Today’s education system resembles much of what you’d see in the early 1900s: rote memorization, a teacher speaking to dozens of pupils who must remain silent unless called upon, curriculum at scale. Coronavirus-related distance learning pushed that same operation online, and because of the severity of the crisis, educators and parents understandably yearn for getting back to normal. But for educator Gholdy Muhammad, normal hasn’t served all students well, especially in literacy education, and no amount of testing or data has changed that. Instead of continuing with this form of education, Muhammad developed a model of learning that strikes more deeply into who we are and what agency we have in the world.

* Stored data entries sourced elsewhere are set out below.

(* Let $(S,\ast)$ be a countable adequate partial semigroup and let $A\subseteq S$. If there is an idempotent $p\in\overline{A}\cap J_\delta(S)$, then there is a decreasing sequence $\langle A_n\rangle_{n=1}^\infty$ of subsets of $A$ such that (i) for all $n\in\mathbb{N}$ and all $x\in A_n$ there exists $m\in\mathbb{N}$ with $A_m\subseteq x^{-1}A_n$; (ii) for all $n\in\mathbb{N}$, $A_n$ is a $J_\delta$-set.
   Context: A partial semigroup is a pair $(S,\ast)$ where $\ast$ is an operation defined on a subset of $S\times S$ such that $(x\ast y)\ast z=x\ast(y\ast z)$ in the sense that if either side is defined, so is the other and they are equal. $\phi_S(s)=\{t: s\ast t\text{ defined}\}$, $\sigma_S(H)=\bigcap_{s\in H}\phi_S(s)$ for $H\in\mathcal{P}_f(S)$; $S$ is adequate if all $\sigma_S(H)\ne\emptyset$. $\overline{A}=\{p\in\beta S: A\in p\}$. $\delta S=\bigcap_{x\in S}\overline{\phi_S(x)}$, with operation $p\ast q=\{B\subseteq S:\{s: s^{-1}B\in q\}\in p\}$, where $s^{-1}B=\{t\in\phi_S(s): s\ast t\in B\}$. A sequence $\langle y_n\rangle$ in $S$ is adequate if $\prod_{n\in F}y_n$ is defined for every $F\in\mathcal{P}_f(\mathbb{N})$ and for every $K\in\mathcal{P}_f(S)$ there is $m$ with $\prod_{n\in F}y_n\in\sigma_S(K)$ whenever $\min F\ge m$; $\mathcal{T}_S$ is the set of adequate sequences. For $W\in\mathcal{P}_f(S)$, $a\in S$, $W\ast a=\{w\ast a: w\in W,\ w\ast a\text{ defined}\}$. $B\subseteq S$ is a $J_\delta$-set if for every $F\in\mathcal{P}_f(\mathcal{T}_S)$ and $W\in\mathcal{P}_f(S)$ there exist $a\in\sigma_S(W)$ and $H\in\mathcal{P}_f(\mathbb{N})$ with $\prod_{t\in H}f(t)\in\sigma_S(W\ast a)$ and $a\ast\prod_{t\in H}f(t)\in B$ for each $f\in F$; $J_\delta(S)=\{p\in\delta S:\text{every member of }p\text{ is a }J_\delta\text{-set}\}$. *)

theory Defs
  imports Main "HOL-Library.Countable_Set"
begin

text \<open>A partial semigroup on the carrier type 'a: the operation is
  op :: 'a => 'a => 'a option, with op x y = None meaning x * y undefined.\<close>

definition partial_semigroup :: "('a \<Rightarrow> 'a \<Rightarrow> 'a option) \<Rightarrow> bool" where
  "partial_semigroup op \<longleftrightarrow>
     (\<forall>x y z. Option.bind (op x y) (\<lambda>u. op u z) = Option.bind (op y z) (\<lambda>v. op x v))"

definition phiS :: "('a \<Rightarrow> 'a \<Rightarrow> 'a option) \<Rightarrow> 'a \<Rightarrow> 'a set" where
  "phiS op s = {t. op s t \<noteq> None}"

definition sigmaS :: "('a \<Rightarrow> 'a \<Rightarrow> 'a option) \<Rightarrow> 'a set \<Rightarrow> 'a set" where
  "sigmaS op H = (\<Inter>s\<in>H. phiS op s)"

definition adequate :: "('a \<Rightarrow> 'a \<Rightarrow> 'a option) \<Rightarrow> bool" where
  "adequate op \<longleftrightarrow> (\<forall>H. finite H \<and> H \<noteq> {} \<longrightarrow> sigmaS op H \<noteq> {})"

definition is_ultrafilter :: "'a set set \<Rightarrow> bool" where
  "is_ultrafilter p \<longleftrightarrow> UNIV \<in> p \<and> {} \<notin> p
     \<and> (\<forall>A B. A \<in> p \<and> A \<subseteq> B \<longrightarrow> B \<in> p)
     \<and> (\<forall>A B. A \<in> p \<and> B \<in> p \<longrightarrow> A \<inter> B \<in> p)
     \<and> (\<forall>A. A \<in> p \<or> - A \<in> p)"

definition deltaS :: "('a \<Rightarrow> 'a \<Rightarrow> 'a option) \<Rightarrow> 'a set set set" where
  "deltaS op = {p. is_ultrafilter p \<and> (\<forall>x. phiS op x \<in> p)}"

definition linv :: "('a \<Rightarrow> 'a \<Rightarrow> 'a option) \<Rightarrow> 'a \<Rightarrow> 'a set \<Rightarrow> 'a set" where
  "linv op s B = {t. t \<in> phiS op s \<and> the (op s t) \<in> B}"

definition uprod :: "('a \<Rightarrow> 'a \<Rightarrow> 'a option) \<Rightarrow> 'a set set \<Rightarrow> 'a set set \<Rightarrow> 'a set set" where
  "uprod op p q = {B. {s. linv op s B \<in> q} \<in> p}"

fun lprod :: "('a \<Rightarrow> 'a \<Rightarrow> 'a option) \<Rightarrow> 'a list \<Rightarrow> 'a option" where
  "lprod op [] = None"
| "lprod op [x] = Some x"
| "lprod op (x # xs) = Option.bind (lprod op xs) (\<lambda>v. op x v)"

definition fprod :: "('a \<Rightarrow> 'a \<Rightarrow> 'a option) \<Rightarrow> (nat \<Rightarrow> 'a) \<Rightarrow> nat set \<Rightarrow> 'a option" where
  "fprod op y F = lprod op (map y (sorted_list_of_set F))"

definition adequate_seq :: "('a \<Rightarrow> 'a \<Rightarrow> 'a option) \<Rightarrow> (nat \<Rightarrow> 'a) \<Rightarrow> bool" where
  "adequate_seq op y \<longleftrightarrow>
     (\<forall>F. finite F \<and> F \<noteq> {} \<longrightarrow> fprod op y F \<noteq> None)
   \<and> (\<forall>K. finite K \<and> K \<noteq> {} \<longrightarrow>
        (\<exists>m. \<forall>F. finite F \<and> F \<noteq> {} \<and> Min F \<ge> m \<longrightarrow> the (fprod op y F) \<in> sigmaS op K))"

definition rmult_set :: "('a \<Rightarrow> 'a \<Rightarrow> 'a option) \<Rightarrow> 'a set \<Rightarrow> 'a \<Rightarrow> 'a set" where
  "rmult_set op W a = {the (op w a) | w. w \<in> W \<and> op w a \<noteq> None}"

definition Jdelta_set :: "('a \<Rightarrow> 'a \<Rightarrow> 'a option) \<Rightarrow> 'a set \<Rightarrow> bool" where
  "Jdelta_set op B \<longleftrightarrow>
     (\<forall>F W. finite F \<and> F \<noteq> {} \<and> (\<forall>f\<in>F. adequate_seq op f) \<and> finite W \<and> W \<noteq> {} \<longrightarrow>
        (\<exists>a \<in> sigmaS op W. \<exists>H. finite H \<and> H \<noteq> {} \<and>
           (\<forall>f\<in>F. fprod op f H \<noteq> None \<and> the (fprod op f H) \<in> sigmaS op (rmult_set op W a)
                  \<and> op a (the (fprod op f H)) \<noteq> None \<and> the (op a (the (fprod op f H))) \<in> B)))"

definition Jdelta :: "('a \<Rightarrow> 'a \<Rightarrow> 'a option) \<Rightarrow> 'a set set set" where
  "Jdelta op = {p \<in> deltaS op. \<forall>B\<in>p. Jdelta_set op B}"

end

theory Submission
  imports Defs
begin

text \<open>For an idempotent ultrafilter p and B in p, the set
  star B = {x in B. x^-1 B in p} is again in p, and x^-1 (star B) is in p for every
  x in star B, because x^-1 {s. s^-1 B in p} = {y. y^-1 (x^-1 B) in p} by associativity.
  Enumerate S as e_0, e_1, ... and put A_0 = star A and
  A_(k+1) = star (A_k \<inter> \<Inter>{e_i^-1 A_j | i, j \<le> k, e_i in A_j}).
  Every A_n lies in p, hence is a J_delta-set when p is in J_delta(S), and
  e_i in A_n gives A_m \<subseteq> e_i^-1 A_n for m = max i n + 1.
  Only the ultrafilter property and idempotence of p enter.\<close>

lemma ultrafilter_Int: "is_ultrafilter p \<Longrightarrow> A \<in> p \<Longrightarrow> B \<in> p \<Longrightarrow> A \<inter> B \<in> p"
  unfolding is_ultrafilter_def by blast

lemma ultrafilter_Inter:
  assumes "is_ultrafilter p" "finite F" "F \<subseteq> p"
  shows "\<Inter>F \<in> p"
  using assms(2,3)
proof (induction F rule: finite_induct)
  case empty
  then show ?case using assms(1) unfolding is_ultrafilter_def by simp
next
  case (insert X F)
  then show ?case using ultrafilter_Int[OF assms(1)] by simp
qed

lemma linv_linv:
  assumes "partial_semigroup op"
  shows "linv op y (linv op x B) = (case op x y of None \<Rightarrow> {} | Some z \<Rightarrow> linv op z B)"
proof -
  have assoc: "Option.bind (op x y) (\<lambda>u. op u t) = Option.bind (op y t) (op x)" for t
    using assms unfolding partial_semigroup_def by blast
  show ?thesis
  proof (cases "op x y")
    case None
    then have "op y t = Some v \<Longrightarrow> op x v = None" for t v using assoc[of t] by simp
    then show ?thesis using None unfolding linv_def phiS_def by auto
  next
    case (Some z)
    then have "op z t = Option.bind (op y t) (op x)" for t using assoc[of t] by simp
    then show ?thesis using Some unfolding linv_def phiS_def by (auto split: Option.bind_splits)
  qed
qed

locale idempotent_ultrafilter =
  fixes op :: "'a \<Rightarrow> 'a \<Rightarrow> 'a option" and p :: "'a set set"
  assumes partial_semigroup: "partial_semigroup op"
    and ultrafilter: "is_ultrafilter p"
    and idempotent: "uprod op p p = p"
begin

lemma Collect_linv_mem: "B \<in> p \<Longrightarrow> {s. linv op s B \<in> p} \<in> p"
  using idempotent unfolding uprod_def by blast

lemma linv_Collect_linv_mem: "linv op x {s. linv op s B \<in> p} = {y. linv op y (linv op x B) \<in> p}"
proof -
  have "{} \<notin> p" using ultrafilter unfolding is_ultrafilter_def by blast
  then show ?thesis
    unfolding linv_linv[OF partial_semigroup]
    by (auto simp: linv_def phiS_def split: option.splits)
qed

definition star :: "'a set \<Rightarrow> 'a set" where
  "star B = {x \<in> B. linv op x B \<in> p}"

lemma star_subset: "star B \<subseteq> B"
  unfolding star_def by blast

lemma star_mem: "B \<in> p \<Longrightarrow> star B \<in> p"
proof -
  assume "B \<in> p"
  moreover have "star B = B \<inter> {s. linv op s B \<in> p}" unfolding star_def by blast
  ultimately show ?thesis using ultrafilter_Int[OF ultrafilter] Collect_linv_mem by simp
qed

lemma linv_star_mem:
  assumes "x \<in> star B"
  shows "linv op x (star B) \<in> p"
proof -
  have xB: "linv op x B \<in> p" using assms unfolding star_def by blast
  have "linv op x (star B) = linv op x B \<inter> linv op x {s. linv op s B \<in> p}"
    unfolding star_def linv_def by blast
  also have "\<dots> = linv op x B \<inter> {y. linv op y (linv op x B) \<in> p}"
    by (simp only: linv_Collect_linv_mem)
  finally show ?thesis using ultrafilter_Int[OF ultrafilter xB Collect_linv_mem[OF xB]] by simp
qed

text \<open>star_prefix e A k j is A_j for j \<le> k (and junk for j > k); the whole prefix
  is carried along because A_(k+1) depends on all earlier terms.\<close>

primrec star_prefix :: "(nat \<Rightarrow> 'a) \<Rightarrow> 'a set \<Rightarrow> nat \<Rightarrow> nat \<Rightarrow> 'a set" where
  "star_prefix e A 0 = (\<lambda>_. star A)"
| "star_prefix e A (Suc k) = (let C = star_prefix e A k in
     C(Suc k := star (C k \<inter> \<Inter>{linv op (e i) (C j) | i j. i \<le> k \<and> j \<le> k \<and> e i \<in> C j})))"

definition star_chain :: "(nat \<Rightarrow> 'a) \<Rightarrow> 'a set \<Rightarrow> nat \<Rightarrow> 'a set" where
  "star_chain e A n = star_prefix e A n n"

lemma star_prefix_eq_star_chain: "j \<le> k \<Longrightarrow> star_prefix e A k j = star_chain e A j"
  by (induction k) (auto simp: star_chain_def le_Suc_eq Let_def)

lemma star_chain_0: "star_chain e A 0 = star A"
  by (simp add: star_chain_def)

lemma star_chain_Suc:
  "star_chain e A (Suc k) = star (star_chain e A k \<inter>
     \<Inter>{linv op (e i) (star_chain e A j) | i j. i \<le> k \<and> j \<le> k \<and> e i \<in> star_chain e A j})"
proof -
  have "star_chain e A (Suc k) = star (star_prefix e A k k \<inter>
     \<Inter>{linv op (e i) (star_prefix e A k j) | i j. i \<le> k \<and> j \<le> k \<and> e i \<in> star_prefix e A k j})"
    by (simp add: star_chain_def Let_def)
  also have "star_prefix e A k k = star_chain e A k"
    by (simp add: star_prefix_eq_star_chain)
  also have
    "{linv op (e i) (star_prefix e A k j) | i j. i \<le> k \<and> j \<le> k \<and> e i \<in> star_prefix e A k j}
   = {linv op (e i) (star_chain e A j) | i j. i \<le> k \<and> j \<le> k \<and> e i \<in> star_chain e A j}"
    using star_prefix_eq_star_chain[of _ k e A] by (metis (lifting))
  finally show ?thesis .
qed

lemma star_chain_decreasing: "star_chain e A (Suc k) \<subseteq> star_chain e A k"
  using star_subset unfolding star_chain_Suc by blast

lemma star_chain_subset: "star_chain e A n \<subseteq> A"
proof (induction n)
  case 0
  then show ?case using star_subset by (simp add: star_chain_0)
next
  case (Suc n)
  then show ?case using star_chain_decreasing by blast
qed

lemma finite_linv_family:
  fixes e :: "nat \<Rightarrow> 'a" and C :: "nat \<Rightarrow> 'a set"
  shows "finite {linv op (e i) (C j) | i j. i \<le> k \<and> j \<le> k \<and> e i \<in> C j}"
proof (rule finite_subset)
  show "finite {linv op (e i) (C j) | i j. i \<le> k \<and> j \<le> k}"
    by (intro finite_image_set2) simp_all
qed blast

lemma star_chain_eq_star_mem:
  assumes "A \<in> p"
  shows "\<exists>C\<in>p. star_chain e A n = star C"
proof (induction n rule: less_induct)
  case (less n)
  show ?case
  proof (cases n)
    case 0
    then show ?thesis using assms star_chain_0 by blast
  next
    case (Suc k)
    let ?F = "{linv op (e i) (star_chain e A j) | i j. i \<le> k \<and> j \<le> k \<and> e i \<in> star_chain e A j}"
    have "?F \<subseteq> p"
    proof clarify
      fix i j assume "j \<le> k" and ij: "e i \<in> star_chain e A j"
      then have "j < n" using Suc by simp
      then obtain C where "star_chain e A j = star C" using less.IH by blast
      then show "linv op (e i) (star_chain e A j) \<in> p" using ij linv_star_mem by simp
    qed
    moreover obtain C where "C \<in> p" and "star_chain e A k = star C"
      using less.IH[of k] Suc by blast
    then have "star_chain e A k \<in> p" by (simp add: star_mem)
    ultimately have "\<Inter>(insert (star_chain e A k) ?F) \<in> p"
      by (intro ultrafilter_Inter[OF ultrafilter]) (simp_all add: finite_linv_family)
    then have "star_chain e A k \<inter> \<Inter>?F \<in> p" by simp
    then show ?thesis unfolding Suc star_chain_Suc by blast
  qed
qed

lemma star_chain_mem: "A \<in> p \<Longrightarrow> star_chain e A n \<in> p"
  using star_chain_eq_star_mem star_mem by metis

lemma star_chain_subset_linv:
  assumes "e i \<in> star_chain e A n"
  shows "star_chain e A (Suc (max i n)) \<subseteq> linv op (e i) (star_chain e A n)"
proof -
  let ?k = "max i n"
  have "linv op (e i) (star_chain e A n) \<in> {linv op (e i') (star_chain e A j) | i' j.
      i' \<le> ?k \<and> j \<le> ?k \<and> e i' \<in> star_chain e A j}"
    using assms max.cobounded1 max.cobounded2 by blast
  then show ?thesis using star_subset unfolding star_chain_Suc by blast
qed

theorem decreasing_chain_linv:
  assumes "countable (UNIV :: 'a set)" and "A \<in> p"
  shows "\<exists>An :: nat \<Rightarrow> 'a set.
           (\<forall>n. An (Suc n) \<subseteq> An n) \<and> (\<forall>n. An n \<subseteq> A)
         \<and> (\<forall>n. \<forall>x\<in>An n. \<exists>m. An m \<subseteq> linv op x (An n))
         \<and> (\<forall>n. An n \<in> p)"
proof -
  define e where "e = from_nat_into (UNIV :: 'a set)"
  have linv: "\<exists>m. star_chain e A m \<subseteq> linv op x (star_chain e A n)"
    if "x \<in> star_chain e A n" for x n
  proof -
    obtain i where "x = e i"
      using range_from_nat_into[OF UNIV_not_empty assms(1)] unfolding e_def by blast
    then show ?thesis using that star_chain_subset_linv by blast
  qed
  show ?thesis
    using star_chain_decreasing star_chain_subset star_chain_mem[OF assms(2)] linv
    by (intro exI[of _ "star_chain e A"]) simp
qed

end

theorem corollary4p5:
  fixes op :: "'a \<Rightarrow> 'a \<Rightarrow> 'a option" and A :: "'a set" and p :: "'a set set"
  assumes "partial_semigroup op"
    and "countable (UNIV :: 'a set)"
    and "adequate op"
    and "p \<in> Jdelta op"
    and "uprod op p p = p"
    and "A \<in> p"
  shows "\<exists>An :: nat \<Rightarrow> 'a set.
           (\<forall>n. An (Suc n) \<subseteq> An n) \<and> (\<forall>n. An n \<subseteq> A)
         \<and> (\<forall>n. \<forall>x\<in>An n. \<exists>m. An m \<subseteq> linv op x (An n))
         \<and> (\<forall>n. Jdelta_set op (An n))"
proof -
  have "is_ultrafilter p" and Jdelta_mem: "\<forall>B\<in>p. Jdelta_set op B"
    using assms(4) unfolding Jdelta_def deltaS_def by blast+
  then interpret idempotent_ultrafilter op p
    using assms(1,5) by unfold_locales
  obtain An where "(\<forall>n. An (Suc n) \<subseteq> An n) \<and> (\<forall>n. An n \<subseteq> A)
      \<and> (\<forall>n. \<forall>x\<in>An n. \<exists>m. An m \<subseteq> linv op x (An n)) \<and> (\<forall>n. An n \<in> p)"
    using decreasing_chain_linv[OF assms(2,6)] by blast
  then show ?thesis using Jdelta_mem by (intro exI[of _ An]) blast
qed

end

In her book “Cultivating Genius: An Equity Framework for Culturally and Historically Responsive Literacy,” Muhammad, a professor of education at Georgia State University, looks to 1830s-era literary societies as a highly engaged model for teaching and learning that can cultivate literacy, intellect and self-efficacy. Literary societies were spaces where groups of people could meet regularly, discuss ideas and better understand themselves. In Black literary societies in particular, the connections and learnings helped members build the resilience they needed in a world that was especially hostile to them. She studied speeches from prominent African Americans of that time and asked, “What were some of their goals for education? What did they read and write? How did they organize? What did their classroom experiences look like?”
During that time, an estimated 320,000 Black people were living in Northern states that had abolished slavery, but they were denied most basic rights. They were excluded from schools, libraries and educational opportunities, among others, which is why being a part of a literary society was crucial for learning skills and learning about the world. It was also a place to test ideas among a group of people who also wanted intellectual refinement and joy among one another. Participating in a literary society meant closely reading relevant texts, writing opinions and debating them with others to really deepen one’s knowledge and skills. Having knowledge and skills enabled members to hold their own in debates and push against ideas of white supremacy and systemic racism of the time.
“That was the beauty of these spaces. They were intellectual spaces where – reading, writing, debating, listening, meaning-making, questioning – all these literacy practices happened across disciplinary areas,” said Muhammad.
At the heart of literary societies were several goals: identity development, skill development, intellectual development, criticality and joy. For today’s teachers, Muhammad brings together these goals under the Historically Responsive Literacy framework.